=== Material shown ===
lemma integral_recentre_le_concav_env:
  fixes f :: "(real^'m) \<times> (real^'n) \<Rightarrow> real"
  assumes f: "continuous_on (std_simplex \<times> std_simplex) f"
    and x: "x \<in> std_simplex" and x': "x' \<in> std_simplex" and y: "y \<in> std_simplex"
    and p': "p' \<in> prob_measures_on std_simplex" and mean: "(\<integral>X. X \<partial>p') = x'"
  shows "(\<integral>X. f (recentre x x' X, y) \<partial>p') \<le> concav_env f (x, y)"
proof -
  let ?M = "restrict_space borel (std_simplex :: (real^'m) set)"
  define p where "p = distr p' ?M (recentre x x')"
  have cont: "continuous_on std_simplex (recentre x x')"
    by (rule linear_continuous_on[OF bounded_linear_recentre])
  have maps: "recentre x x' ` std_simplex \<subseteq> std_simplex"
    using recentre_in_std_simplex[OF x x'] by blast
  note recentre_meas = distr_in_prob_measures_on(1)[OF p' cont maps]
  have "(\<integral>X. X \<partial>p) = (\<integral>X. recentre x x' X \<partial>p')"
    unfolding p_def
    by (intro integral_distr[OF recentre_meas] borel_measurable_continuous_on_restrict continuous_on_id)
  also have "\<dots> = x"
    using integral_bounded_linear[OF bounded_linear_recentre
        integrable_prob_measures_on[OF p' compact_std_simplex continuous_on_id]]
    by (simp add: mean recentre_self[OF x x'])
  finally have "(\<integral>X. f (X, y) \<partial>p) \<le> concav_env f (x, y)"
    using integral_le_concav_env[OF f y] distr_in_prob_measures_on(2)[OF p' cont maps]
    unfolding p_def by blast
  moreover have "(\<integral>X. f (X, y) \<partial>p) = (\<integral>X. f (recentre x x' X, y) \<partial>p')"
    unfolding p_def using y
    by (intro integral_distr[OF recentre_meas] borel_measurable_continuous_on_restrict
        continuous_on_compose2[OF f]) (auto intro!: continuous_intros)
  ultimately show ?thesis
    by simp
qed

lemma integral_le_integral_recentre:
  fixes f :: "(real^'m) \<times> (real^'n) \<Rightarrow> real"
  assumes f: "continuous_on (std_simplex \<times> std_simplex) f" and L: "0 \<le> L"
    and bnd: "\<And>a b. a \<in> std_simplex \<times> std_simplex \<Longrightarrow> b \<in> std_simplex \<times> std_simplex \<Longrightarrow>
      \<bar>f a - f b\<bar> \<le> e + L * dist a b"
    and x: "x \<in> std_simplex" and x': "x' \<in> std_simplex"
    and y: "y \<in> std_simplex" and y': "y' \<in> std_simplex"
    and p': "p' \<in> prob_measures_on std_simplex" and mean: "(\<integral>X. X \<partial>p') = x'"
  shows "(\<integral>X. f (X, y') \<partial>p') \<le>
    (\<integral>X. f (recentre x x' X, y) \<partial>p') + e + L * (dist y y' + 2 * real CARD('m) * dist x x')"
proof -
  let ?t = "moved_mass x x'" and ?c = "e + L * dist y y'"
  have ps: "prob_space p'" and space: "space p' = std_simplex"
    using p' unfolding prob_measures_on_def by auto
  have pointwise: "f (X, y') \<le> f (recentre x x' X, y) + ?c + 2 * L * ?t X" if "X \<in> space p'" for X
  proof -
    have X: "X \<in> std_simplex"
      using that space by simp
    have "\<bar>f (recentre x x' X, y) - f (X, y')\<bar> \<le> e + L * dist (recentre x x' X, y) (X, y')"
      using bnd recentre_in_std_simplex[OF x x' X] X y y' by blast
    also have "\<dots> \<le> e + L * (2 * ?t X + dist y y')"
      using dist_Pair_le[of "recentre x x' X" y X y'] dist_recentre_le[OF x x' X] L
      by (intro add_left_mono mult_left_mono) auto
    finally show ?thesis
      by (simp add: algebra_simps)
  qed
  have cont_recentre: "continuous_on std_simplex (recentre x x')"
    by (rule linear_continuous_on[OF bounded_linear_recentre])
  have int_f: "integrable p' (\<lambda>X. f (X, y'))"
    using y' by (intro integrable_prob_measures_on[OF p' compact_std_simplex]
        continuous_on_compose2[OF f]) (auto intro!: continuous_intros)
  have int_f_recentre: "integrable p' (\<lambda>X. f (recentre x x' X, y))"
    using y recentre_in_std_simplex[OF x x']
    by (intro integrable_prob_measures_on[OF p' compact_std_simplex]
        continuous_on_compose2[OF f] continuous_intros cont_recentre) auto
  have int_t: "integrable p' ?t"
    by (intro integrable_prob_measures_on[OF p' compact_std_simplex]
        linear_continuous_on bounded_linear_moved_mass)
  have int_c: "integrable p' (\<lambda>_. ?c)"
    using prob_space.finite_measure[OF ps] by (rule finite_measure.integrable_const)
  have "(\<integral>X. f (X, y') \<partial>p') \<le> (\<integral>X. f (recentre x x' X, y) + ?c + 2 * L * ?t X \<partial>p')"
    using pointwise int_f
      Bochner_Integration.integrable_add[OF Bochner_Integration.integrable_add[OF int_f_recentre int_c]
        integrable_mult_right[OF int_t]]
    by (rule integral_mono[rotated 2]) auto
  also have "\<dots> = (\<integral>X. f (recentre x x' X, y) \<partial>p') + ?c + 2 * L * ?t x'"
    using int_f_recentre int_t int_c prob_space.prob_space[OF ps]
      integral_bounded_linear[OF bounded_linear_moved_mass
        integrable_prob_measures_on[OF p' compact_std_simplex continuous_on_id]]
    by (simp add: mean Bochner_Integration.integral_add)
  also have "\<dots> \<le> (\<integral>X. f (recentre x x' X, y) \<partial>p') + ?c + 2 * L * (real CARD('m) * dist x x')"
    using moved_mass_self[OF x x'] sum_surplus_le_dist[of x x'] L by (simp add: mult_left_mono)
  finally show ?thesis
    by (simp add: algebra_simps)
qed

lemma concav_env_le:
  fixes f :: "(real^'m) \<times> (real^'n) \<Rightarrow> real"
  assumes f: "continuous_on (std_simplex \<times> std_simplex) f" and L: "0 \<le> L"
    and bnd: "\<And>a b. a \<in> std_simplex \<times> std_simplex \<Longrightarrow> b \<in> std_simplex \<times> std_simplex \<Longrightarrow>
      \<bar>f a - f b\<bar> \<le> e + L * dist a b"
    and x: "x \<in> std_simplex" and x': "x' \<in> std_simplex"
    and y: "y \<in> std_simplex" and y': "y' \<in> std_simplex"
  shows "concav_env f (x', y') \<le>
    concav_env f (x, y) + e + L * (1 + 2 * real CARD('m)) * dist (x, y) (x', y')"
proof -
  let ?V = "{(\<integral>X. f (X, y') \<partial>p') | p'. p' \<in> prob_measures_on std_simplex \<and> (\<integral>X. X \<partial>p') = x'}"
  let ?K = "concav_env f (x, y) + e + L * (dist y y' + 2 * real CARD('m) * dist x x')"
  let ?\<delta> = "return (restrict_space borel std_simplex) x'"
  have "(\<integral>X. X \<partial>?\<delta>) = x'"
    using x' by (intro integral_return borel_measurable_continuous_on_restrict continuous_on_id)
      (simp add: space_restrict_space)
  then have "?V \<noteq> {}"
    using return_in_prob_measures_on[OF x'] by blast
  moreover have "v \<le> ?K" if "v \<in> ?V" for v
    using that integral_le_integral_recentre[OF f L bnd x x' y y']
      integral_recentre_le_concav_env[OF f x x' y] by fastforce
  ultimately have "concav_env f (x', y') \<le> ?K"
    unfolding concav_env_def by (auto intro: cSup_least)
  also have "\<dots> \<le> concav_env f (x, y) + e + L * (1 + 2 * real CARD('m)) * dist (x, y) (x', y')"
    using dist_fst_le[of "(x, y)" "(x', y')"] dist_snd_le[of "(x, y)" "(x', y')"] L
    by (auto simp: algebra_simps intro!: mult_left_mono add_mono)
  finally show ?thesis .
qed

=== Requirement ===
Using the entries above, return each line that includes the word "also".

=== Reply to the exercise ===
  also have "\<dots> = x"
    also have "\<dots> \<le> e + L * (2 * ?t X + dist y y')"
  also have "\<dots> = (\<integral>X. f (recentre x x' X, y) \<partial>p') + ?c + 2 * L * ?t x'"
  also have "\<dots> \<le> (\<integral>X. f (recentre x x' X, y) \<partial>p') + ?c + 2 * L * (real CARD('m) * dist x x')"
  also have "\<dots> \<le> concav_env f (x, y) + e + L * (1 + 2 * real CARD('m)) * dist (x, y) (x', y')"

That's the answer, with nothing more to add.